英文:
How do i split a column into distinct strings
问题
我希望将“genres”列拆分为多个列,其中每个新列只包含一个特定的流派(例如:动作|冒险|恐怖|喜剧等)。有20种不同的流派,所以我应该有20个新列。
我尝试过这样做:
new_column = df['genres'].str.split(pat='|', expand=True)
但它只创建了5个新列,其中流派没有分开。
英文:
I wish to split the 'genres' column into multiple columns, where each of the new column will only contain a particular genre( example: action | adventure| horror| Comedy etc). There are 20 different different genres so I should have 20 new columns.
I tried to do this :
new_column=df['genres'].str.split(pat='|',expand=True)
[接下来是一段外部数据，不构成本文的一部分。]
lemma asubst_cong: "(\<And>x. x \<in> avars a \<Longrightarrow> \<sigma> x = \<tau> x) \<Longrightarrow> asubst a \<sigma> = asubst a \<tau>"
  by (cases a) (fastforce intro: tsubst_cong)

lemma gsubst_ren_fixing:
  assumes "\<And>x. x \<in> gvars G \<Longrightarrow> l x = x"
  shows "gsubst G (ren l) = G"
proof -
  have "asubst a (ren l) = a" if "(a, p) \<in> G" for a p
    using that assms asubst_cong[of a "ren l" Var] by (force simp: gvars_def ren_def)
  then show ?thesis
    unfolding gsubst_def by (force simp: image_iff)
qed

lemma tvars_ren: "tvars (tsubst t (ren l)) = l ` tvars t"
  by (induction t) (auto simp: ren_def)

lemma avars_ren: "avars (asubst a (ren l)) = l ` avars a"
  by (cases a) (auto simp: tvars_ren)

lemma gvars_ren: "gvars (gsubst G (ren l)) = l ` gvars G"
  unfolding gvars_def gsubst_def by (force simp: avars_ren)

lemma cvars_crename: "cvars (crename c l) = l ` cvars c"
  by (simp add: crename_def cvars_def avars_ren gvars_ren image_Un)

lemma crename_comp: "crename c (l \<circ> \<xi>) =
    Clause (asubst (chead (crename c \<xi>)) (ren l)) (gsubst (cbody (crename c \<xi>)) (ren l))"
  by (simp add: crename_def asubst_scomp gsubst_scomp scomp_ren_ren)

lemma finite_tvars: "finite (tvars t)"
  by (induction t) auto

lemma finite_avars: "finite (avars a)"
  by (cases a) (auto simp: finite_tvars)

lemma finite_gvars: "finite G \<Longrightarrow> finite (gvars G)"
  unfolding gvars_def by (auto simp: finite_avars)

lemma prios_gsubst [simp]: "prios (gsubst G \<sigma>) = prios G"
  unfolding prios_def gsubst_def by (force simp: image_image case_prod_beta)

lemma gsubst_Un: "gsubst (A \<union> B) \<sigma> = gsubst A \<sigma> \<union> gsubst B \<sigma>"
  unfolding gsubst_def by auto

lemma gsubst_insert: "gsubst (insert (a, p) G) \<sigma> = insert (asubst a \<sigma>, p) (gsubst G \<sigma>)"
  unfolding gsubst_def by auto

lemma gshift_id [simp]: "gshift G id = G"
  unfolding gshift_def by (simp add: case_prod_beta)

lemma gshift_gsubst: "gshift (gsubst G \<sigma>) \<pi> = gsubst (gshift G \<pi>) \<sigma>"
  unfolding gshift_def gsubst_def by (simp add: image_image case_prod_beta)

lemma is_pgoal_gsubst: "is_pgoal G \<Longrightarrow> is_pgoal (gsubst G \<sigma>)"
  unfolding is_pgoal_def gsubst_def inj_on_def by fastforce

lemma split_least_gsubst:
  "split_least G a p F \<Longrightarrow> split_least (gsubst G \<sigma>) (asubst a \<sigma>) p (gsubst F \<sigma>)"
  unfolding split_least_def by (simp add: gsubst_insert)

lemma shifting_id: "shifting id"
  by (simp add: shifting_def strict_mono_def)

lemma p_variant_ren: "bij l \<Longrightarrow> p_variant (gsubst G (ren l)) G"
  unfolding p_variant_def using shifting_id by (intro exI[of _ l] exI[of _ id]) simp

definition conj_subst :: "('v \<Rightarrow> 'v) \<Rightarrow> ('f, 'v) subst \<Rightarrow> ('f, 'v) subst" where
  "conj_subst l \<theta> = scomp (ren (inv l)) (scomp \<theta> (ren l))"
(* A ranked poset is (isomorphic to) a nice section if and only if it is a two-element antichain or a 6-stack. Consequently, a ranked poset is (isomorphic to) a tower of nice sections if and only if it is a 6-tower.
   Context: All posets are finite. For a poset $P$ and $p\in P$, the rank $r(p)$ of $p$ is the largest $m$ such that there is a chain $p_0<\dots<p_m=p$ in $P$. $P$ is ranked of rank $r(P)$ if every maximal chain has exactly $r(P)+1$ elements. For $0\le i\le j$, $P(i,j)=\{p\in P:i\le r(p)\le j\}$, $P(i)=P(i,i)$ (induced order). The ordinal sum of posets $P_1,\dots,P_k$ ($k\ge1$) is their disjoint union ordered by the orders of the $P_i$ together with $p<q$ whenever $p\in P_i,q\in P_j,i<j$. The 6-crown $C_6$ is the poset on $\{x_0,x_1,x_2,y_0,y_1,y_2\}$ whose only strict comparabilities are $x_0<y_0>x_1<y_1>x_2<y_2>x_0$. A 6-stack is a ranked poset $P$ of rank $n\ge1$ such that $P(i,i+1)\cong C_6$ for each $0\le i<n$. A 6-tower is an ordinal sum of one or more posets each of which is a two-element antichain or a 6-stack. A section is either a two-element antichain or a poset on the set $\{[i,k]: 0\le i\le 2,\ 0\le k\le n\}$ (with $3(n+1)$ distinct elements), for some $n\ge 1$, such that: (1) $[i,k]<[i,l]$ whenever $0\le i\le 2$ and $0\le k<l\le n$; (2) for each $k$, $\{[0,k],[1,k],[2,k]\}$ is an antichain; (3) for all $i,j,k,l$, $[i,k]<[j,l]$ implies $[i+1,k]<[j+1,l]$ (first indices mod $3$); (4) for each $0\le k<n$ there are $i,j\in\{0,1,2\}$ with $[i,k]\not<[j,k+1]$. A section $P$ is nice if for all $p<q$ in $P$ there exist $r,s\in P$ with $p<r$, $q\not<r$, and $s<q$, $s\not<p$. A tower of (nice) sections is an ordinal sum of one or more (nice) sections. *)

theory Defs
  imports Main
begin
(* The smallest cardinality of a self-binding group is at most $\mathfrak{se}$.
   Context: All groups are abelian. A group is torsionless if it embeds in $\mathbb{Z}^I$ for some set $I$. Rank means torsion-free rank. A group $G$ binds a subgroup $H$ if every homomorphism from $G$ to a free abelian group maps $H$ into a group of finite rank. A torsionless group is self-binding if it has infinite rank and binds itself. A torsionless group $G$ exhibits the Specker phenomenon if there is a sequence $(a_n)_{n\in\omega}$ of nonzero elements of $G$ such that every homomorphism $G\to\mathbb{Z}$ maps all but finitely many $a_n$ to $0$. $\mathfrak{se}$ denotes the smallest cardinality of a group exhibiting the Specker phenomenon (equivalently, the smallest cardinality of a group $G$ with $\mathbb{Z}^{(\omega)}\subseteq G\subseteq\mathbb{Z}^\omega$ such that every homomorphism $G\to\mathbb{Z}$ vanishes on all but finitely many standard unit vectors $e_n$). *)

theory Defs
  imports Main "HOL-Library.Function_Algebras"
begin

text \<open>Torsionless groups are represented as subgroups of a product Z^X,
  i.e. as sets of functions X \<Rightarrow> int closed under the pointwise operations.
  Every such set is torsionless, and every torsionless group arises this way.\<close>

definition subgrp :: "('x \<Rightarrow> int) set \<Rightarrow> bool" where
  "subgrp G \<longleftrightarrow> 0 \<in> G \<and> (\<forall>x\<in>G. \<forall>y\<in>G. x + y \<in> G) \<and> (\<forall>x\<in>G. - x \<in> G)"

definition additive_on :: "'a set \<Rightarrow> ('a::plus \<Rightarrow> 'b::plus) \<Rightarrow> bool" where
  "additive_on G h \<longleftrightarrow> (\<forall>x\<in>G. \<forall>y\<in>G. h (x + y) = h x + h y)"

definition free_ab :: "('j \<Rightarrow> int) set" where
  "free_ab = {v. finite {j. v j \<noteq> 0}}"

definition Z_indep :: "('y \<Rightarrow> int) set \<Rightarrow> bool" where
  "Z_indep A \<longleftrightarrow> finite A \<and>
     (\<forall>c :: ('y \<Rightarrow> int) \<Rightarrow> int. (\<forall>j. (\<Sum>a\<in>A. c a * a j) = 0) \<longrightarrow> (\<forall>a\<in>A. c a = 0))"

definition finite_rank :: "('y \<Rightarrow> int) set \<Rightarrow> bool" where
  "finite_rank S \<longleftrightarrow> (\<exists>n::nat. \<forall>A. A \<subseteq> S \<longrightarrow> Z_indep A \<longrightarrow> card A \<le> n)"

text \<open>The free abelian groups are Z^(J) with J a set of elements
  of G's ambient type (this suffices, since the image of G is free of rank \<le> |G|).\<close>
definition binds :: "('x \<Rightarrow> int) set \<Rightarrow> ('x \<Rightarrow> int) set \<Rightarrow> bool" where
  "binds G S \<longleftrightarrow>
     (\<forall>h :: ('x \<Rightarrow> int) \<Rightarrow> (('x \<Rightarrow> int) \<Rightarrow> int).
        additive_on G h \<longrightarrow> h ` G \<subseteq> free_ab \<longrightarrow> finite_rank (h ` S))"

definition self_binding :: "('x \<Rightarrow> int) set \<Rightarrow> bool" where
  "self_binding G \<longleftrightarrow> subgrp G \<and> \<not> finite_rank G \<and> binds G G"

definition specker :: "('x \<Rightarrow> int) set \<Rightarrow> bool" where
  "specker G \<longleftrightarrow> subgrp G \<and>
     (\<exists>a :: nat \<Rightarrow> ('x \<Rightarrow> int). (\<forall>n. a n \<in> G \<and> a n \<noteq> 0) \<and>
        (\<forall>f :: ('x \<Rightarrow> int) \<Rightarrow> int. additive_on G f \<longrightarrow> finite {n. f (a n) \<noteq> 0}))"

end

(* Let (a_n) be a Specker sequence in G. Eliminating step by step, one finds a subsequence
   a_(r k) and homomorphisms phi_k : G -> Z with phi_k (a_(r m)) <> 0 iff k = m. Then
   iota x = (phi_k x)_k maps G into Z^omega and a_(r k) to a nonzero multiple of the unit
   vector e_k, so the e_k form a Specker sequence in every subgroup of Z^omega containing them
   and iota G. Write each iota x = y + z with 2^n | y_n and 3^n | z_n, and let H be the
   purification of the subgroup generated by the e_k and these y and z; then |H| <= |G|.
   A homomorphism H -> Z vanishing on all e_k also kills y, because removing the first K
   coordinates of y leaves an element of 2^K H; likewise for z. Hence every homomorphism from H
   to a free abelian group is nonzero on only finitely many e_k and is determined by its values
   there, so its image has finite rank: H is self-binding. *)

theory Submission
  imports Defs "HOL.Rat" "HOL.Vector_Spaces" "HOL-Library.Nat_Bijection" "HOL-Library.Infinite_Set"
begin

unbundle cardinal_syntax

definition zscale :: "int \<Rightarrow> ('a \<Rightarrow> int) \<Rightarrow> 'a \<Rightarrow> int" (infixr \<open>*z\<close> 75) where
  "c *z u = (\<lambda>j. c * u j)"

interpretation zmod: module zscale
  by unfold_locales (auto simp: zscale_def fun_eq_iff algebra_simps)

lemma additive_on_zero:
  fixes f :: "('x \<Rightarrow> int) \<Rightarrow> 'b :: ab_group_add"
  assumes "0 \<in> H" "additive_on H f" shows "f 0 = 0"
proof -
  have "f (0 + 0) = f 0 + f 0" using assms unfolding additive_on_def by blast
  then show ?thesis by simp
qed

lemma additive_on_uminus:
  fixes f :: "('x \<Rightarrow> int) \<Rightarrow> 'b :: ab_group_add"
  assumes "subgrp H" "additive_on H f" "x \<in> H" shows "f (- x) = - f x"
proof -
  have "f (- x) + f x = f (- x + x)" using assms unfolding subgrp_def additive_on_def by metis
  also have "\<dots> = 0" using assms additive_on_zero[of H f] unfolding subgrp_def by simp
  finally show ?thesis by (simp add: eq_neg_iff_add_eq_0)
qed

lemma subgrp_image:
  assumes H: "subgrp H" and g: "additive_on H g" shows "subgrp (g ` H)"
proof -
  have "0 \<in> g ` H" using H additive_on_zero[OF _ g] by (metis image_eqI subgrp_def)
  moreover have "g x + g y \<in> g ` H" if "x \<in> H" "y \<in> H" for x y
    using that H g unfolding subgrp_def additive_on_def by (metis image_eqI)
  moreover have "- g x \<in> g ` H" if "x \<in> H" for x
    using that H additive_on_uminus[OF H g that] unfolding subgrp_def by (metis image_eqI)
  ultimately show ?thesis unfolding subgrp_def by blast
qed
lemma finite_deep_weight_index: "finite (deep_weight_index M N L r y)"
proof -
  have "deep_weight_index M N L r y \<subseteq> {0..L} \<times> {1..max 1 N} \<times> ({1..r 0} \<union> (\<Union>l\<in>{1..L-1}. {1..r l}) \<union> {y}) \<times>
      ({1..M} \<union> (\<Union>l\<in>{1..L-1}. {1..r (l - 1)}) \<union> {1..r (L - 1)})"
    unfolding deep_weight_index_def by (auto dest: order.trans[OF _ div_le_dividend])
  then show ?thesis by (rule finite_subset) auto
qed

lemma deep_u_eq_0_if_first_layer_nonpos:
  assumes dead: "\<And>j g. j \<in> {1..N} \<Longrightarrow> g \<in> {1..r 0} \<Longrightarrow> (\<Sum>d = 1..M. a (0, j, g, d) * f (th d) (X j)) \<le> 0"
  shows "j \<ge> 1 \<Longrightarrow> j * 2 ^ l \<le> N \<Longrightarrow> g \<in> {1..r l} \<Longrightarrow> deep_u f M r th a X l j g = 0"
proof (induction l arbitrary: j g)
  case 0
  then show ?case using dead[of j g] by (simp add: relu_def)
next
  case (Suc l)
  have "(2 * j - 1) * 2 ^ l \<le> N" "2 * j * 2 ^ l \<le> N"
    using Suc.prems(2) by (simp_all add: algebra_simps)
  then have "deep_u f M r th a X l (2 * j - 1) al = 0 \<and> deep_u f M r th a X l (2 * j) al = 0"
    if "al \<in> {1..r l}" for al
    using Suc.IH that Suc.prems(1) by auto
  then show ?case by (simp add: relu_def)
qed

lemma deep_score_eq_0_if_first_layer_nonpos:
  assumes "\<And>j g. j \<in> {1..N} \<Longrightarrow> g \<in> {1..r 0} \<Longrightarrow> (\<Sum>d = 1..M. a (0, j, g, d) * f (th d) (X j)) \<le> 0"
    and "L \<ge> 1" and "N = 2 ^ L"
  shows "deep_score f M L r y th a X = 0"
proof -
  have N: "2 * 2 ^ (L - 1) = N"
    using \<open>L \<ge> 1\<close> \<open>N = 2 ^ L\<close> by (cases L) auto
  have "deep_u f M r th a X (L - 1) j al = 0" if "j \<in> {1, 2}" "al \<in> {1..r (L - 1)}" for j al
    using that
    by (intro deep_u_eq_0_if_first_layer_nonpos[where X = X and f = f and th = th and a = a
          and M = M and N = N and r = r, OF assms(1)])
      (auto simp flip: N)
  then show ?thesis
    unfolding deep_score_def by simp
qed

lemma grid_tensor_shallow1_eq_deep_if_first_layer_nonpos:
  assumes "\<And>j g i. j \<in> {1..N} \<Longrightarrow> g \<in> {1..r 0} \<Longrightarrow> i \<in> {1..M} \<Longrightarrow>
      (\<Sum>d = 1..M. a (0, j, g, d) * f (th d) (x i)) \<le> 0"
    and "L \<ge> 1" and "N = 2 ^ L"
  shows "grid_tensor x M N (shallow1_score f M N th 0 c) = grid_tensor x M N (deep_score f M L r y th a)"
  unfolding grid_tensor_def
proof (rule restrict_ext)
  fix dd assume "dd \<in> PiE {1..N} (\<lambda>_. {1..M})"
  then have "deep_score f M L r y th a (\<lambda>i. x (dd i)) = 0"
    using assms by (intro deep_score_eq_0_if_first_layer_nonpos) (auto simp: PiE_iff)
  then show "shallow1_score f M N th 0 c (\<lambda>i. x (dd i)) = deep_score f M L r y th a (\<lambda>i. x (dd i))"
    by (simp add: shallow1_score_def)
qed

lemma open_box_in_sets_deep_param_measure:
  assumes "finite W" and "\<And>d. d \<in> {1..M} \<Longrightarrow> open (U d)" and "\<And>w. w \<in> W \<Longrightarrow> open (V w)"
  shows "PiE {1..M} U \<times> PiE W V \<in> sets (deep_param_measure M W)"
  using assms unfolding deep_param_measure_def by (auto intro!: sets_PiM_I_finite)

lemma emeasure_deep_param_measure_open_box_pos:
  assumes "finite W" and "\<And>d. d \<in> {1..M} \<Longrightarrow> open (U d) \<and> U d \<noteq> {}"
    and "\<And>w. w \<in> W \<Longrightarrow> open (V w) \<and> V w \<noteq> {}"
  shows "0 < emeasure (deep_param_measure M W) (PiE {1..M} U \<times> PiE W V)"
proof -
  interpret product_sigma_finite "\<lambda>_. lborel :: real measure" by standard
  show ?thesis
    unfolding deep_param_measure_def using assms
    by (intro emeasure_pair_measure_Times_pos emeasure_PiM_lborel_PiE_open_pos sigma_finite
        sets_PiM_I_finite) auto
qed

definition first_layer_box ::
  "nat \<Rightarrow> (nat \<times> nat \<times> nat \<times> nat) set \<Rightarrow> (nat \<Rightarrow> 'p set) \<Rightarrow> (nat \<Rightarrow> real set) \<Rightarrow>
   ((nat \<Rightarrow> 'p) \<times> (nat \<times> nat \<times> nat \<times> nat \<Rightarrow> real)) set" where
  "first_layer_box M W U V =
     PiE {1..M} U \<times> PiE W (\<lambda>(l, j, g, d). if l = 0 then V d else UNIV)"

lemma first_layer_box_mem:
  assumes "(th, a) \<in> first_layer_box M W U V" and "d \<in> {1..M}" and "(0, j, g, d) \<in> W"
  shows "th d \<in> U d" and "a (0, j, g, d) \<in> V d"
  using assms by (auto simp: first_layer_box_def PiE_iff)

lemma first_layer_box_in_sets:
  assumes "finite W" and "\<And>d. d \<in> {1..M} \<Longrightarrow> open (U d) \<and> open (V d)"
    and "\<And>j g d. (0, j, g, d) \<in> W \<Longrightarrow> d \<in> {1..M}"
  shows "first_layer_box M W U V \<in> sets (deep_param_measure M W)"
  unfolding first_layer_box_def using assms
  by (intro open_box_in_sets_deep_param_measure) (auto split: prod.split)

lemma emeasure_first_layer_box_pos:
  assumes "finite W" and "\<And>d. d \<in> {1..M} \<Longrightarrow> open (U d) \<and> U d \<noteq> {} \<and> open (V d) \<and> V d \<noteq> {}"
    and "\<And>j g d. (0, j, g, d) \<in> W \<Longrightarrow> d \<in> {1..M}"
  shows "0 < emeasure (deep_param_measure M W) (first_layer_box M W U V)"
  unfolding first_layer_box_def using assms
  by (intro emeasure_deep_param_measure_open_box_pos) (auto split: prod.split)

theorem claim10:
  fixes f :: "'p::euclidean_space \<Rightarrow> real^'s \<Rightarrow> real"
    and Theta :: "'p set"
    and L N M y :: nat and r :: "nat \<Rightarrow> nat"
    and x :: "nat \<Rightarrow> real^'s"
    and p :: "(nat \<Rightarrow> 'p) \<times> (nat \<times> nat \<times> nat \<times> nat \<Rightarrow> real) \<Rightarrow> real"
  defines "W \<equiv> deep_weight_index M N L r y"
  defines "D \<equiv> (PiE {1..M} (\<lambda>_. Theta)) \<times> (PiE W (\<lambda>_. UNIV))"
  assumes Theta_open: "open Theta"
    and f_cont: "continuous_on (Theta \<times> UNIV) (\<lambda>(th, v). f th v)"
    and f_nondeg: "nondegenerate_family f Theta"
    and L_pos: "L \<ge> 1" and N_def: "N = 2 ^ L"
    and r_pos: "\<forall>l < L. r l \<ge> 1"
    and x_distinct: "inj_on x {1..M}"
    and p_meas: "p \<in> borel_measurable (deep_param_measure M W)"
    and p_cont: "continuous_on D p"
    and p_pos: "\<forall>q\<in>D. p q > 0"
    and p_zero: "\<forall>q. q \<notin> D \<longrightarrow> p q = 0"
    and p_prob: "prob_space (density (deep_param_measure M W) (\<lambda>q. ennreal (p q)))"
  shows "\<exists>A \<in> sets (deep_param_measure M W).
           A \<subseteq> {(th, a) \<in> D. \<exists>th' b c. (\<forall>d\<in>{1..M}. th' d \<in> Theta) \<and>
                 grid_tensor x M N (shallow1_score f M N th' b c)
                   = grid_tensor x M N (deep_score f M L r y th a)}
         \<and> emeasure (density (deep_param_measure M W) (\<lambda>q. ennreal (p q))) A > 0"
proof -
  have finW: "finite W"
    unfolding W_def by (rule finite_deep_weight_index)
  have first_layer_W: "(0, j, g, d) \<in> W \<longleftrightarrow> j \<in> {1..N} \<and> g \<in> {1..r 0} \<and> d \<in> {1..M}" for j g d
    unfolding W_def deep_weight_index_def using L_pos by auto
  obtain U V where UV: "\<And>d. d \<in> {1..M} \<Longrightarrow> open (U d) \<and> U d \<noteq> {} \<and> U d \<subseteq> Theta \<and> open (V d) \<and> V d \<noteq> {}"
    and neg: "\<And>t w i. \<forall>d\<in>{1..M}. t d \<in> U d \<and> w d \<in> V d \<Longrightarrow> i \<in> {1..M} \<Longrightarrow>
      (\<Sum>d = 1..M. w d * f (t d) (x i)) < 0"
    using nondegenerate_family_negative_preactivation_boxes[OF Theta_open f_cont f_nondeg x_distinct]
    by blast
  define A where "A = first_layer_box M W U V"
  have A_sets: "A \<in> sets (deep_param_measure M W)"
    unfolding A_def using finW UV first_layer_W by (intro first_layer_box_in_sets) auto
  have "0 < emeasure (deep_param_measure M W) A"
    unfolding A_def using finW UV first_layer_W by (intro emeasure_first_layer_box_pos) auto
  moreover have "A \<subseteq> D"
    unfolding A_def first_layer_box_def D_def using UV by (intro Sigma_mono PiE_mono) auto
  moreover have "grid_tensor x M N (shallow1_score f M N th 0 c) = grid_tensor x M N (deep_score f M L r y th a)"
    if "(th, a) \<in> A" for th a c
  proof (rule grid_tensor_shallow1_eq_deep_if_first_layer_nonpos[OF _ L_pos N_def])
    fix j g i assume "j \<in> {1..N}" "g \<in> {1..r 0}" "i \<in> {1..M}"
    with that show "(\<Sum>d = 1..M. a (0, j, g, d) * f (th d) (x i)) \<le> 0"
      unfolding A_def by (intro less_imp_le neg) (auto simp: first_layer_W dest: first_layer_box_mem)
  qed
  moreover have "\<forall>d\<in>{1..M}. th d \<in> Theta" if "(th, a) \<in> A" for th a
    using that \<open>A \<subseteq> D\<close> unfolding D_def by (auto simp: PiE_iff)
  ultimately show ?thesis
    using A_sets p_meas p_pos by (intro bexI[of _ A] conjI emeasure_density_pos) blast+
qed

end
(* ${\sf MBRev}(\mathcal D_{ERC}(H))=O(\log\log H)$ as $H\to\infty$.
   Context: $\mathcal D_{ERC}(H)$ (equal revenue curve truncated at $H$) is the distribution on $[1,H]$ with $\Pr[v\ge t]=1/t$ for $t\in[1,H]$, i.e. density $q(v)=1/v^2$ on $[1,H)$ and an atom of mass $1/H$ at $H$. For a distribution with density $q$ on $[1,H]$ the mean-based revenue is ${\sf MBRev}=\sup_{x}\int_1^H q(v)\big(v\,x(v)-\sup_{1\le w<v}(v-w)x(w)\big)\,dv$ (plus the contribution $\Pr[H]\cdot(Hx(H)-\sup_{w<H}(H-w)x(w))$ of the atom), where the supremum is over functions $x:[1,H]\to[0,1]$. *)

theory Defs
  imports "HOL-Analysis.Analysis"
begin

definition mb_pen :: "(real \<Rightarrow> real) \<Rightarrow> real \<Rightarrow> real" where
  "mb_pen x v = (if 1 < v then Sup {(v - w) * x w | w. 1 \<le> w \<and> w < v} else 0)"

text \<open>Integrand: density 1/v^2 of the truncated equal revenue curve on [1,H).\<close>
definition erc_integrand :: "(real \<Rightarrow> real) \<Rightarrow> real \<Rightarrow> real" where
  "erc_integrand x v = (1 / v^2) * (v * x v - mb_pen x v)"

text \<open>Mean-based revenue of allocation x on D_ERC(H): continuous part plus atom 1/H at H.\<close>
definition erc_mb_rev :: "real \<Rightarrow> (real \<Rightarrow> real) \<Rightarrow> real" where
  "erc_mb_rev H x = (LINT v:{1..<H}|lborel. erc_integrand x v)
      + (1 / H) * (H * x H - mb_pen x H)"

definition erc_feasible :: "real \<Rightarrow> (real \<Rightarrow> real) \<Rightarrow> bool" where
  "erc_feasible H x \<longleftrightarrow> (\<forall>v\<in>{1..H}. 0 \<le> x v \<and> x v \<le> 1)
      \<and> set_integrable lborel {1..<H} (erc_integrand x)"

definition MBRev_ERC :: "real \<Rightarrow> ereal" where
  "MBRev_ERC H = (SUP x\<in>{x. erc_feasible H x}. ereal (erc_mb_rev H x))"

end

theory Submission
  imports Defs
begin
But all it did was create only 5 new columns where the genres are not separated by column.
答案1
得分: 1
你可以使用str.get_dummies来拆分值并创建新的列。以下是示例代码:
import pandas as pd
# 创建数据框
data = ["action | adventure | horror | Comedy | action1 | adventure1 | horror1 | Comedy1 | action2 | adventure2 | horror2 | Comedy2 "]
df = pd.DataFrame(data, columns=['genres'])
# 定义genres列
new_columns = df['genres'].str.get_dummies(sep='|')
# 拆分列
new_columns.columns = new_columns.columns.str.strip()
# 使用新结构重新创建数据框
df = pd.concat([df, new_columns], axis=1)
英文:
You could use str.get_dummies to split the values and create new columns.
Something like this can work.
import pandas as pd
# Creating dataframe
data = ["action | adventure| horror| Comedy | action1 | adventure1 | horror1 | Comedy1 | action2 | adventure2 | horror2 | Comedy2 "]
df = pd.DataFrame(data, columns=['genres'])
# Define genres columns
new_columns = df['genres'].str.get_dummies(sep='|')
# Split the columns
new_columns.columns = new_columns.columns.str.strip()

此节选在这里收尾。